| Data records |

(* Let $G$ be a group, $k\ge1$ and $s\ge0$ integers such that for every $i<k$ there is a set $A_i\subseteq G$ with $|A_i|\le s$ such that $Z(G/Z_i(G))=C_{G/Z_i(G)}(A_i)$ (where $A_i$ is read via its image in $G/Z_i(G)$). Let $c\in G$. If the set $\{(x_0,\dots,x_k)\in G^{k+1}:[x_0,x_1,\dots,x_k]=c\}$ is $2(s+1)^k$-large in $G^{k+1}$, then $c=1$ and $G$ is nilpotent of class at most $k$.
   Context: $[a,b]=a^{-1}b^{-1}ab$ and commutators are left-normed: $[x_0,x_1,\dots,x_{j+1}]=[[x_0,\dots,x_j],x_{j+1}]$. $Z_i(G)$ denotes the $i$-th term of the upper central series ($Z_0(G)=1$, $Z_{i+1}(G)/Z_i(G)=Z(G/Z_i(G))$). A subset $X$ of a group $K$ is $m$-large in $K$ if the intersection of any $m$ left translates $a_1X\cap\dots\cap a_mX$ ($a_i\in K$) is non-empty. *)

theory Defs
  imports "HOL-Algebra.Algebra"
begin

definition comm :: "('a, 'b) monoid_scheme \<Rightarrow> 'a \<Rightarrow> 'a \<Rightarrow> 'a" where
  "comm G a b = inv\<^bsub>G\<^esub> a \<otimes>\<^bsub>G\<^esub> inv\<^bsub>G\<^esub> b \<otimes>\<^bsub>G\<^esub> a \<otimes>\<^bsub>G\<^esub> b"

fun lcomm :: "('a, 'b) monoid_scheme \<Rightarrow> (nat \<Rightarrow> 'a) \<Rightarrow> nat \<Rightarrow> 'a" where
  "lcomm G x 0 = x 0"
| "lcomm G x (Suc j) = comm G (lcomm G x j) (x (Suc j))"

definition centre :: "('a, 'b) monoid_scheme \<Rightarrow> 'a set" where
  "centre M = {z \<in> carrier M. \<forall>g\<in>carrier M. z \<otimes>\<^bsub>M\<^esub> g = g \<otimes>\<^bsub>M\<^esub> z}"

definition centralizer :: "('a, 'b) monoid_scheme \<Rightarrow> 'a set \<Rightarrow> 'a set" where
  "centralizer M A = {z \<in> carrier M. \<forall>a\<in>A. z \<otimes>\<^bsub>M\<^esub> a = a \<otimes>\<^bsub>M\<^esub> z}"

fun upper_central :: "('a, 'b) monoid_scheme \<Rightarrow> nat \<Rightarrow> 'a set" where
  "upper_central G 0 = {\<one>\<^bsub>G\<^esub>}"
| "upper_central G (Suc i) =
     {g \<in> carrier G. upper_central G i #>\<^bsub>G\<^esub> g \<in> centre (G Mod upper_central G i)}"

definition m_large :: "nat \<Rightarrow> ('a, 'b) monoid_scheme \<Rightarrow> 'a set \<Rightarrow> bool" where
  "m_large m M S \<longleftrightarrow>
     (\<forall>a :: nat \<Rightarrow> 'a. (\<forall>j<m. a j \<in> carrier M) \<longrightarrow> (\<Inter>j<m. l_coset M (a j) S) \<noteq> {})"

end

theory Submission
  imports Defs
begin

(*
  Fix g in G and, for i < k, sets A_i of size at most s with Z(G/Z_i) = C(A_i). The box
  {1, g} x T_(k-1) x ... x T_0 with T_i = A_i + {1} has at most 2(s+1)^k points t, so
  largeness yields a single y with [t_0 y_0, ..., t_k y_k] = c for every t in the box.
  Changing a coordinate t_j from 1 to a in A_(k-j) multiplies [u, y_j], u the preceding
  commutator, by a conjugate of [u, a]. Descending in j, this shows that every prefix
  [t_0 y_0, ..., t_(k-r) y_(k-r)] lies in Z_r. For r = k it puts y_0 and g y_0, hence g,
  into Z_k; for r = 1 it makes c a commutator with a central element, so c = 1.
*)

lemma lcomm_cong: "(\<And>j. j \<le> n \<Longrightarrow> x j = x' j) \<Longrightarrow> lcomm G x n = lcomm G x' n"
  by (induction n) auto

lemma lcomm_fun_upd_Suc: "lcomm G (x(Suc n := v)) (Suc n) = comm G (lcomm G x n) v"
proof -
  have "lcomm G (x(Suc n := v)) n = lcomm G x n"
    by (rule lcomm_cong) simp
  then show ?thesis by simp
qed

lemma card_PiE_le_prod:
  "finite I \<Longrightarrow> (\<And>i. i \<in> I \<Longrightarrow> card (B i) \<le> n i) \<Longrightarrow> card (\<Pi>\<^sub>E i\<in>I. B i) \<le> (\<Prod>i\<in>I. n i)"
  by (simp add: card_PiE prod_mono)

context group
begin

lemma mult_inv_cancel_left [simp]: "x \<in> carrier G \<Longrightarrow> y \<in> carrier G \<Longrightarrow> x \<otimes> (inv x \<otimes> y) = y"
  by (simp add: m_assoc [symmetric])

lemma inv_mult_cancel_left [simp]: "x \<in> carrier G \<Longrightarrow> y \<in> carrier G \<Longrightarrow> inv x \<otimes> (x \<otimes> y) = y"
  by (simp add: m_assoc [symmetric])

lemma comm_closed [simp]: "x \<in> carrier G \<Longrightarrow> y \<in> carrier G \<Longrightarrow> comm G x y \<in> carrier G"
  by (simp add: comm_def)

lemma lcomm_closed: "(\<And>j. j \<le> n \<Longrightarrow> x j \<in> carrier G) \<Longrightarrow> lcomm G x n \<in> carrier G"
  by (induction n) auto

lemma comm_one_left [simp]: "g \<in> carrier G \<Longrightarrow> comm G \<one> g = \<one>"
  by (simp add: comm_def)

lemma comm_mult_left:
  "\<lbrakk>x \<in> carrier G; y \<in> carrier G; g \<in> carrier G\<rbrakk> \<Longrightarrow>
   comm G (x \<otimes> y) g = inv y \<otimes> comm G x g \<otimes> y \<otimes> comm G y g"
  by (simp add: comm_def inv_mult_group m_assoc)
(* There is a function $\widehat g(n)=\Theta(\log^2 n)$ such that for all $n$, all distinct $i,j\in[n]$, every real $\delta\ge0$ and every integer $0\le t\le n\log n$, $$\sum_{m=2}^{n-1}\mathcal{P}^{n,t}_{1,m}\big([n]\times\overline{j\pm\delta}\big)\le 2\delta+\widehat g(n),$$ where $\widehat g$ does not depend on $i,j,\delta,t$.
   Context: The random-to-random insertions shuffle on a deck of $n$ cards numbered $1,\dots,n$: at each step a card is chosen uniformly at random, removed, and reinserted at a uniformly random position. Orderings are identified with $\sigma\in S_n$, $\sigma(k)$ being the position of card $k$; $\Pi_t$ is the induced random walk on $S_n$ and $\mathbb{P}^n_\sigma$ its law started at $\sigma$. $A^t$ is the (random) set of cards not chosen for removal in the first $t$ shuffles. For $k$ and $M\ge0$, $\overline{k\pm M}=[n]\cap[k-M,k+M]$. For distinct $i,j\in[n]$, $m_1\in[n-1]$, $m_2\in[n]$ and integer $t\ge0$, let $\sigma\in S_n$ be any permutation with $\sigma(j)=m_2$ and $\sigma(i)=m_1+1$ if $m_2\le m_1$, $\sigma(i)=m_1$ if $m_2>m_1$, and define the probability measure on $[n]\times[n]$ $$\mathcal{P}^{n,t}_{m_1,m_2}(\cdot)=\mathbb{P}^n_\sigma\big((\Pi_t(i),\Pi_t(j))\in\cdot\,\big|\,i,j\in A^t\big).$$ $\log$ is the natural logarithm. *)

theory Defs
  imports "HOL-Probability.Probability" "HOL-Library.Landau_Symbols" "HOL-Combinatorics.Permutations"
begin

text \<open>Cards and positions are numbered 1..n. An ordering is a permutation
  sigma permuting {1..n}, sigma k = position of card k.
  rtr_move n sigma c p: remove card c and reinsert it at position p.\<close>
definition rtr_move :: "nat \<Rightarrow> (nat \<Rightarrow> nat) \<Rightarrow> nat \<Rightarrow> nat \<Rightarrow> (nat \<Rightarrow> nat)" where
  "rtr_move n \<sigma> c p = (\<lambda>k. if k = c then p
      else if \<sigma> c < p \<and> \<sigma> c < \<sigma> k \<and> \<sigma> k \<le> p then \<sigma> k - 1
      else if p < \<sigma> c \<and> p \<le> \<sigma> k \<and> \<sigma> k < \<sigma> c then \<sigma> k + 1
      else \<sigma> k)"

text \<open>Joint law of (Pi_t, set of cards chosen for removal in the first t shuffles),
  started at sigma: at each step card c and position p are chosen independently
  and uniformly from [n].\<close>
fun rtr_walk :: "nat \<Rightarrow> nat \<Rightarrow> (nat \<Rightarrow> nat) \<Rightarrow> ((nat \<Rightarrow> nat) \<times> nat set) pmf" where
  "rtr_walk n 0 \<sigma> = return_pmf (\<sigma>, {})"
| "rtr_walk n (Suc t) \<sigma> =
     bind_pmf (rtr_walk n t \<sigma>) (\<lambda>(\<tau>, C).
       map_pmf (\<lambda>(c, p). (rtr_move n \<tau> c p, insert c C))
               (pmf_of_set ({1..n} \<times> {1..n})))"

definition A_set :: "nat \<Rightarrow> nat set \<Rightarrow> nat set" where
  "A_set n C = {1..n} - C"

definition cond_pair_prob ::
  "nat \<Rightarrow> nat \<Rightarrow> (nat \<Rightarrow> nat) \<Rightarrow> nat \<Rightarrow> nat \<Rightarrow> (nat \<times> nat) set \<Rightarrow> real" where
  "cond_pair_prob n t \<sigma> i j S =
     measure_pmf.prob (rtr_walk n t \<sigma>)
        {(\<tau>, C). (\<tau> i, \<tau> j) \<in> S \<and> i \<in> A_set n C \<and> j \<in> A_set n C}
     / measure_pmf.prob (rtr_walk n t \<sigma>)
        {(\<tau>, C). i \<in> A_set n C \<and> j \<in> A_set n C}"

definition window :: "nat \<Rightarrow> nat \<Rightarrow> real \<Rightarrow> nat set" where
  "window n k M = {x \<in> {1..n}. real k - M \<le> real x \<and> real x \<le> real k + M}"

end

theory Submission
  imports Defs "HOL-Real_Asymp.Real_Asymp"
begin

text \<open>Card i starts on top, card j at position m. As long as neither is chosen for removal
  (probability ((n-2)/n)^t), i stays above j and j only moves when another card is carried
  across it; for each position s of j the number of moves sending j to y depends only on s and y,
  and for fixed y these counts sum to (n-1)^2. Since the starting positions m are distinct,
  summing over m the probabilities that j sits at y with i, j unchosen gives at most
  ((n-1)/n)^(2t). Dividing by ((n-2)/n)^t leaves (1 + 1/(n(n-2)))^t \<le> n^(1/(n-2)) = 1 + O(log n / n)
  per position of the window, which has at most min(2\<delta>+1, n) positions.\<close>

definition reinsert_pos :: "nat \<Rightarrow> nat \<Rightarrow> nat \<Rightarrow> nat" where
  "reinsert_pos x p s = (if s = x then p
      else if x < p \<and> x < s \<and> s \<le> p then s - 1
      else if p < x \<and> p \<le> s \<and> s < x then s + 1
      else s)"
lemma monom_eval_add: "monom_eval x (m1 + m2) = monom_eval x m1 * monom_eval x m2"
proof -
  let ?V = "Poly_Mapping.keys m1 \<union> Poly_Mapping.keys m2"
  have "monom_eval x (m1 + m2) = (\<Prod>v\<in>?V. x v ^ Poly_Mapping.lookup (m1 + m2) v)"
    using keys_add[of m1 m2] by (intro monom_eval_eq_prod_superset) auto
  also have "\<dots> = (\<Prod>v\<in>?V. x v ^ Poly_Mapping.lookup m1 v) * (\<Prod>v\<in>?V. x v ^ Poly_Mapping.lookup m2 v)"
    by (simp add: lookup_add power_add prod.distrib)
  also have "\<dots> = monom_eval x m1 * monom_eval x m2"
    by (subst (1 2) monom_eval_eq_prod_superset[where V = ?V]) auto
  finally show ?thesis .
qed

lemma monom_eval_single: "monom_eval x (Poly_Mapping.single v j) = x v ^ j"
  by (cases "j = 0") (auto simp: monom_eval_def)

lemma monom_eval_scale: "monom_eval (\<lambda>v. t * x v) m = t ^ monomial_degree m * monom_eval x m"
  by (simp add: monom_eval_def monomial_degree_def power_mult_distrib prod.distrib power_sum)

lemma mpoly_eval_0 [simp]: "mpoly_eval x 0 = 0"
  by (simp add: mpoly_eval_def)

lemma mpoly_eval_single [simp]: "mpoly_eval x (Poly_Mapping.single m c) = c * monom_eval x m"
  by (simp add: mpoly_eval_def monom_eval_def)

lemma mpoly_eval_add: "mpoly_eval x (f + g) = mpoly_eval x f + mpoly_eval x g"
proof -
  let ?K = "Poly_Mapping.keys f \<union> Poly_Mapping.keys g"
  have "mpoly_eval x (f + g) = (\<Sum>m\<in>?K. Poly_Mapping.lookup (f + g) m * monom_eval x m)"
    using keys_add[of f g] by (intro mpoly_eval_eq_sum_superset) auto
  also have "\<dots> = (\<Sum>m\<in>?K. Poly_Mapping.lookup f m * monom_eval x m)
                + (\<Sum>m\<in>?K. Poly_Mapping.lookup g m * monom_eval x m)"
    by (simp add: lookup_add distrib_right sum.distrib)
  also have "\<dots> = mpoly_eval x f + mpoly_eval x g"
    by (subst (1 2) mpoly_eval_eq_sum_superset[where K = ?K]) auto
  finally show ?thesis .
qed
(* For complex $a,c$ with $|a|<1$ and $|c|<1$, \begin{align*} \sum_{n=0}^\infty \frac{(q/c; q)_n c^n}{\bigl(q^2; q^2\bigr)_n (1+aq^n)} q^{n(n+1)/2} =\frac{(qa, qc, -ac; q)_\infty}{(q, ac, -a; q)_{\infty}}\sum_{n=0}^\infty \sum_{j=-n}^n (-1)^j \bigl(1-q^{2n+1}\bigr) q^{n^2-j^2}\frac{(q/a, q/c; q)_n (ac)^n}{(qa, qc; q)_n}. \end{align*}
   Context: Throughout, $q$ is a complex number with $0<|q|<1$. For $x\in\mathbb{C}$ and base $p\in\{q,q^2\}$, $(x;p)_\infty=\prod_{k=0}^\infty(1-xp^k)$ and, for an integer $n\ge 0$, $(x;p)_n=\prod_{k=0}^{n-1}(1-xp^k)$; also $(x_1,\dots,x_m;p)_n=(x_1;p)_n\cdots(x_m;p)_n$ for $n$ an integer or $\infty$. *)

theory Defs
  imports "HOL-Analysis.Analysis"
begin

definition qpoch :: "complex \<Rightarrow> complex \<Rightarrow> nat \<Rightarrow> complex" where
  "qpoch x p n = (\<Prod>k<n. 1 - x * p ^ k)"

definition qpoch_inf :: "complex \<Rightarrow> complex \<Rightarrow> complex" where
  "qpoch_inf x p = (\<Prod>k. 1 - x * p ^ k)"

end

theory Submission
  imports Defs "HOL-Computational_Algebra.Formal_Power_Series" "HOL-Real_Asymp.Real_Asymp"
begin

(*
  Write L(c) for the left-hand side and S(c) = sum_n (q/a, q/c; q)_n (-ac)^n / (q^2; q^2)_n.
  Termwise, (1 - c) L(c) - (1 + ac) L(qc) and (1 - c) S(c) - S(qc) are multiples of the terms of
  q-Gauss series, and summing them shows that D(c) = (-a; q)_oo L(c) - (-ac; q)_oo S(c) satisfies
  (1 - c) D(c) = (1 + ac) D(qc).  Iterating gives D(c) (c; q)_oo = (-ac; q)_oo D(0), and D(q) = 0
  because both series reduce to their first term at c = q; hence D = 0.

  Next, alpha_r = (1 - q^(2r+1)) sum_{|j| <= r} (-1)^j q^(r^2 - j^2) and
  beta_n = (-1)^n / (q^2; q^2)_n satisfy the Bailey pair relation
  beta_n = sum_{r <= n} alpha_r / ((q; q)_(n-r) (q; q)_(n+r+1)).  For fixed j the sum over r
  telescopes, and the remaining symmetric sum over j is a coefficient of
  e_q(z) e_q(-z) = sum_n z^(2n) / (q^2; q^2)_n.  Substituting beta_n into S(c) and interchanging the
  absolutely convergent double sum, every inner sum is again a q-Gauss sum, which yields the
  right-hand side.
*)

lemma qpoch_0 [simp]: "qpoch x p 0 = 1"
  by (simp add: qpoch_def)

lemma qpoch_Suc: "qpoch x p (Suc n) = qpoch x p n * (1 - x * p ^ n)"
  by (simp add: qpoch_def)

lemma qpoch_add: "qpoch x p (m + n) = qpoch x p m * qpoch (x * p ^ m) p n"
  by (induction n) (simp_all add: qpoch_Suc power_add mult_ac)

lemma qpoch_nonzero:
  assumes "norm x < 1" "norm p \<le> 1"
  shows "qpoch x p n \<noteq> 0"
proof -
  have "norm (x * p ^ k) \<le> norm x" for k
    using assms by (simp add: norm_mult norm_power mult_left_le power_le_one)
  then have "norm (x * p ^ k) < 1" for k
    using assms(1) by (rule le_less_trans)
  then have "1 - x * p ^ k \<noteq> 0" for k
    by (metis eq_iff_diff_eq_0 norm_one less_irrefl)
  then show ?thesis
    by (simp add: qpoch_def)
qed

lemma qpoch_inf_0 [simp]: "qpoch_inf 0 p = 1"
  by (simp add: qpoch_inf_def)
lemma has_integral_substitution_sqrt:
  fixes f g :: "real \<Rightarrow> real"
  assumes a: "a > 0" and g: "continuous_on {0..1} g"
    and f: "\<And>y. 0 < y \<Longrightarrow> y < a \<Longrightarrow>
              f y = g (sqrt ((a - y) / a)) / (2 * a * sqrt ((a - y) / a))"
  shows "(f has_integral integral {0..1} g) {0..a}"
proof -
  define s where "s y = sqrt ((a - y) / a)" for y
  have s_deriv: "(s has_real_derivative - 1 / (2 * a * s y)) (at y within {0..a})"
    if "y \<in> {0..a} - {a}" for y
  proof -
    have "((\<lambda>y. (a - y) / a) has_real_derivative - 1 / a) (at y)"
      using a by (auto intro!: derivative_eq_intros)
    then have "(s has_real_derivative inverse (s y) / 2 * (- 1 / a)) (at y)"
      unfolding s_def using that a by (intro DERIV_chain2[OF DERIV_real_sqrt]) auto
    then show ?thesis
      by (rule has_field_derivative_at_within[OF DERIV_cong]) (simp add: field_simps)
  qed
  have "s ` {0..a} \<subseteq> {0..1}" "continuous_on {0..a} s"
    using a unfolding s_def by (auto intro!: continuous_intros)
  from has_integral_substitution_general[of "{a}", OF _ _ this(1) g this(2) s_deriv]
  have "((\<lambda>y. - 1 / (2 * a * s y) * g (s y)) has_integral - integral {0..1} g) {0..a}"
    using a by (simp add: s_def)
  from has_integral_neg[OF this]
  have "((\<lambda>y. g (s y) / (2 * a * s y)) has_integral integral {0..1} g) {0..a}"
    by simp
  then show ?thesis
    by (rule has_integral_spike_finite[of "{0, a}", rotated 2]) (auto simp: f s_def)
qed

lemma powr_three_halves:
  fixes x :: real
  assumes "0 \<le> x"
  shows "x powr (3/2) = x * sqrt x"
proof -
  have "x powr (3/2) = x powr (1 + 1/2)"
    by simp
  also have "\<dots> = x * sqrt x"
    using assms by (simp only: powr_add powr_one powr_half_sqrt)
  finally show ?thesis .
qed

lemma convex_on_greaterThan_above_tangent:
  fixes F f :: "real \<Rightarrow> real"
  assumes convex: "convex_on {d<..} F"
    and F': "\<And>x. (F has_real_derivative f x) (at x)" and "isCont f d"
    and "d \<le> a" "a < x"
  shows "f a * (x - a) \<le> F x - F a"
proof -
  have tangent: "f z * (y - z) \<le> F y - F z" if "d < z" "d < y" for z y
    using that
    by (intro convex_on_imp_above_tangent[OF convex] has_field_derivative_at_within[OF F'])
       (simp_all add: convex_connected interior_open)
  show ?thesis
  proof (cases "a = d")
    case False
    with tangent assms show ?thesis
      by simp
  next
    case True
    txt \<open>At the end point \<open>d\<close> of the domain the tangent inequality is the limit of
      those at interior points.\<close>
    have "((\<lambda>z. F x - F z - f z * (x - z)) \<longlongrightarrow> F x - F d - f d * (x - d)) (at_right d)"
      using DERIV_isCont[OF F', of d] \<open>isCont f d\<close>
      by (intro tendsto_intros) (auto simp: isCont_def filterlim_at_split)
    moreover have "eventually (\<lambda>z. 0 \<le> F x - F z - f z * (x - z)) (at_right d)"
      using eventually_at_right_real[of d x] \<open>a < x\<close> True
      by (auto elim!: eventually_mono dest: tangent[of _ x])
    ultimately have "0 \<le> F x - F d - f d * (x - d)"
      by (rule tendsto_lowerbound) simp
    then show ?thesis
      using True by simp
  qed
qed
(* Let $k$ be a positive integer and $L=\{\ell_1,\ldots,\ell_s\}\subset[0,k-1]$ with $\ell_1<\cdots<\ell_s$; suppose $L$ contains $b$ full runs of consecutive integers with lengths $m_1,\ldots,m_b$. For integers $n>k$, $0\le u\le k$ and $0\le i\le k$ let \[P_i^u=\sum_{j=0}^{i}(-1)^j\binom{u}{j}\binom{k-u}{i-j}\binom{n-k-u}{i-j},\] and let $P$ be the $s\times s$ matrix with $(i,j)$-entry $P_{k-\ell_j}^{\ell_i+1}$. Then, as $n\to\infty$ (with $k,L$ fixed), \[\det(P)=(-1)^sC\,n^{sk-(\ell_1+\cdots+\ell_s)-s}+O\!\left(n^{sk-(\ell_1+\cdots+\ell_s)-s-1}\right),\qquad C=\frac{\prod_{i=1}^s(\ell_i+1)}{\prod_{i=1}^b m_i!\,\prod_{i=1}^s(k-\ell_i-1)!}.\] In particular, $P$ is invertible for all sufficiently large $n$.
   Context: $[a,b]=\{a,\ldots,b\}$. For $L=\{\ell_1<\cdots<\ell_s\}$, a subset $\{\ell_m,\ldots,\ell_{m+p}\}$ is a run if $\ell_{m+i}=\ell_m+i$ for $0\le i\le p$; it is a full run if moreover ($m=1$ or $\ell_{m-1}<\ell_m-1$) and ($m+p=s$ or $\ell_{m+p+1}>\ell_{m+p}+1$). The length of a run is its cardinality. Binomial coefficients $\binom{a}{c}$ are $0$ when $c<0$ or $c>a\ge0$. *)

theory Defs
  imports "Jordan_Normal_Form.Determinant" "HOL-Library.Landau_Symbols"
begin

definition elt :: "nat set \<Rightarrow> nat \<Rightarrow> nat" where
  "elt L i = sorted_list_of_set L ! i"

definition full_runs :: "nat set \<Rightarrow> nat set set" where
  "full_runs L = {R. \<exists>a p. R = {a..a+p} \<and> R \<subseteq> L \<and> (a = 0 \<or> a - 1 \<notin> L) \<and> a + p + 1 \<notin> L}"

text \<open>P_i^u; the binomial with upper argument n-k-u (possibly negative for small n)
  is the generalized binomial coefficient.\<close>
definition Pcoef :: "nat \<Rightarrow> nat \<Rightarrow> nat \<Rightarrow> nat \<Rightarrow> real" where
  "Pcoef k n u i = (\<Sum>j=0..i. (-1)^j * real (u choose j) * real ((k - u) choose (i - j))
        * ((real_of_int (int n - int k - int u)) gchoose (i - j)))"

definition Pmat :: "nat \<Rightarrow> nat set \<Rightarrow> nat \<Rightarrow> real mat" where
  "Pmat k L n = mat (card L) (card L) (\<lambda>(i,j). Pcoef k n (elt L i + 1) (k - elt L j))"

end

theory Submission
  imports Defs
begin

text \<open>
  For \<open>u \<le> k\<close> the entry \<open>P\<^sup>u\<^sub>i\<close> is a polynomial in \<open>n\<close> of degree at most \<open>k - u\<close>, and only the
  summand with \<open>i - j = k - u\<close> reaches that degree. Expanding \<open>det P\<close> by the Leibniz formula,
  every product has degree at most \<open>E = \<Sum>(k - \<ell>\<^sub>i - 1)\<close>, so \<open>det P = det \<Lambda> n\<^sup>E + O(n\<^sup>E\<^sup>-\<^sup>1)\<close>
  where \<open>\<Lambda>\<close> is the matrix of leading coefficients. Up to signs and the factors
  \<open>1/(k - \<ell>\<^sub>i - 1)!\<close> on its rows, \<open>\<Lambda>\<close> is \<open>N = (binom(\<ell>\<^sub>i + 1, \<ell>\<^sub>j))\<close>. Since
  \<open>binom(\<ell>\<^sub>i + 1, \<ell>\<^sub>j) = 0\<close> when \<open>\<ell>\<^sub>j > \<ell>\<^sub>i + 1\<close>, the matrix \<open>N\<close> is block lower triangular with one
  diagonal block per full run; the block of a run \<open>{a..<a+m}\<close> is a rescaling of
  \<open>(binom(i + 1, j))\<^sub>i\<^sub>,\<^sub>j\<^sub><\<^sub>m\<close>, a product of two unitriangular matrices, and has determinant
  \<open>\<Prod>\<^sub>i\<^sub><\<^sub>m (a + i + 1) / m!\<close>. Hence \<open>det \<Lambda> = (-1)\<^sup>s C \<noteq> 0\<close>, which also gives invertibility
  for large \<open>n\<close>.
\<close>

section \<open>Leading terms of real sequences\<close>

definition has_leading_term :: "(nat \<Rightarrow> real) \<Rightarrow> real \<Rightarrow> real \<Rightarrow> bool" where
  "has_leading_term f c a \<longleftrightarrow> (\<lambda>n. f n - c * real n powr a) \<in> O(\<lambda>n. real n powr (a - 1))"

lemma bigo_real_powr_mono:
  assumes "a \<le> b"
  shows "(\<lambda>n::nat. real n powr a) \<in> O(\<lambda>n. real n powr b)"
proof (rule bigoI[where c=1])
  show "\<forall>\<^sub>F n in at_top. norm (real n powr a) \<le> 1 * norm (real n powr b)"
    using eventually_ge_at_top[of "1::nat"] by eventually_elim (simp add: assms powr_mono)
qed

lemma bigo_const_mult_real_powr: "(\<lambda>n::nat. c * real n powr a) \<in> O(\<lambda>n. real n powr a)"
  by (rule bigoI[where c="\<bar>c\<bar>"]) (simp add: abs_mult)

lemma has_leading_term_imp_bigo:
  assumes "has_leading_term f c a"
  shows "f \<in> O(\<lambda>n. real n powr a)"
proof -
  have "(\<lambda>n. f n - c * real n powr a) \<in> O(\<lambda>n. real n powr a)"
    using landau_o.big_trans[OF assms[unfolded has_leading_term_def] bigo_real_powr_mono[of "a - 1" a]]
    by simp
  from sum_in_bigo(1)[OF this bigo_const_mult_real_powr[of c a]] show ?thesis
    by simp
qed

| The problem |
All of the lines above that carry the string "shuffles" need to be found and copied.

| Exercise response |
   Context: The random-to-random insertions shuffle on a deck of $n$ cards numbered $1,\dots,n$: at each step a card is chosen uniformly at random, removed, and reinserted at a uniformly random position. Orderings are identified with $\sigma\in S_n$, $\sigma(k)$ being the position of card $k$; $\Pi_t$ is the induced random walk on $S_n$ and $\mathbb{P}^n_\sigma$ its law started at $\sigma$. $A^t$ is the (random) set of cards not chosen for removal in the first $t$ shuffles. For $k$ and $M\ge0$, $\overline{k\pm M}=[n]\cap[k-M,k+M]$. For distinct $i,j\in[n]$, $m_1\in[n-1]$, $m_2\in[n]$ and integer $t\ge0$, let $\sigma\in S_n$ be any permutation with $\sigma(j)=m_2$ and $\sigma(i)=m_1+1$ if $m_2\le m_1$, $\sigma(i)=m_1$ if $m_2>m_1$, and define the probability measure on $[n]\times[n]$ $$\mathcal{P}^{n,t}_{m_1,m_2}(\cdot)=\mathbb{P}^n_\sigma\big((\Pi_t(i),\Pi_t(j))\in\cdot\,\big|\,i,j\in A^t\big).$$ $\log$ is the natural logarithm. *)
text \<open>Joint law of (Pi_t, set of cards chosen for removal in the first t shuffles),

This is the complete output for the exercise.